__PROBLEM__.
If a line contains "j \<noteq> 1", it is the last one to write out; begin with the first line of the records and copy each exactly.

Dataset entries
theorem mainTheorem13:
  fixes n m :: nat
    and D c b xi :: "nat \<Rightarrow> real"
    and a :: "nat \<Rightarrow> nat \<Rightarrow> real"
  assumes n_pos: "1 \<le> n"
    and unique_min: "\<forall>j\<in>{1..n}. j \<noteq> 1 \<longrightarrow> D 1 < D j"
    and P_feas: "P_feasible n m a b xi \<noteq> {}"
    and ybar: "\<exists>y::nat \<Rightarrow> real. (\<forall>i\<in>{1..m}. y i \<ge> 0) \<and> (\<Sum>i\<in>{1..m}. y i * xi i) > 0"
    and slater: "\<exists>x X. Shor_strictly_feasible n m a b xi x X"
    and cond: "\<forall>I. I \<subseteq> {1..m} \<and> card I \<ge> 2 \<longrightarrow> sub_val n m D c a b xi I \<ge> 0"
  shows "v_star n m D c a b xi = c_star n m D c a b xi"
proof -
  have D1: "\<forall>j\<in>{1..n}. D 1 \<le> D j" using unique_min by (auto simp: less_imp_le)
  then have d1: "d1_star n D = D 1" unfolding d1_star_def using n_pos by (intro Min_eqI) auto
  obtain y where y: "\<forall>i\<in>{1..m}. y i \<ge> 0" "(\<Sum>i\<in>{1..m}. y i * xi i) > 0" using ybar by blast
  obtain x where "x \<in> P_feasible n m a b xi" using P_feas by blast
  then have "(\<lambda>j. if j = 0 then \<Sum>j\<in>{1..n}. (x j)\<^sup>2 else x j) \<in> lifted_feasible n m a b xi"
    by (intro lift_in_lifted_feasible) (auto simp: P_feasible_def)
  then have "lifted_feasible n m a b xi \<noteq> {}" by blast
  then obtain p where p: "p \<in> lifted_feasible n m a b xi"
    and opt: "\<forall>p'\<in>lifted_feasible n m a b xi. lifted_obj n D c p \<le> lifted_obj n D c p'"
    and lex: "\<forall>p'\<in>lifted_feasible n m a b xi. lifted_obj n D c p' = lifted_obj n D c p \<longrightarrow> slack n p \<le> slack n p'"
    using lifted_lexmin_exists[OF y] by blast
  have "slack n p = 0" by (rule lifted_lexmin_zero_slack[OF n_pos unique_min d1 cond p opt lex])
  then have "c_star n m D c a b xi \<le> ereal (lifted_obj n D c p)" by (rule c_star_le_lifted_obj[OF p])
  also have "\<dots> \<le> v_star n m D c a b xi" by (rule lifted_min_le_v_star[OF D1 opt])
  finally show ?thesis using v_star_le_c_star by (rule antisym[rotated])
qed

end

__RESPONSE AREA__.
theorem mainTheorem13:
  fixes n m :: nat
    and D c b xi :: "nat \<Rightarrow> real"
    and a :: "nat \<Rightarrow> nat \<Rightarrow> real"
  assumes n_pos: "1 \<le> n"
    and unique_min: "\<forall>j\<in>{1..n}. j \<noteq> 1 \<longrightarrow> D 1 < D j"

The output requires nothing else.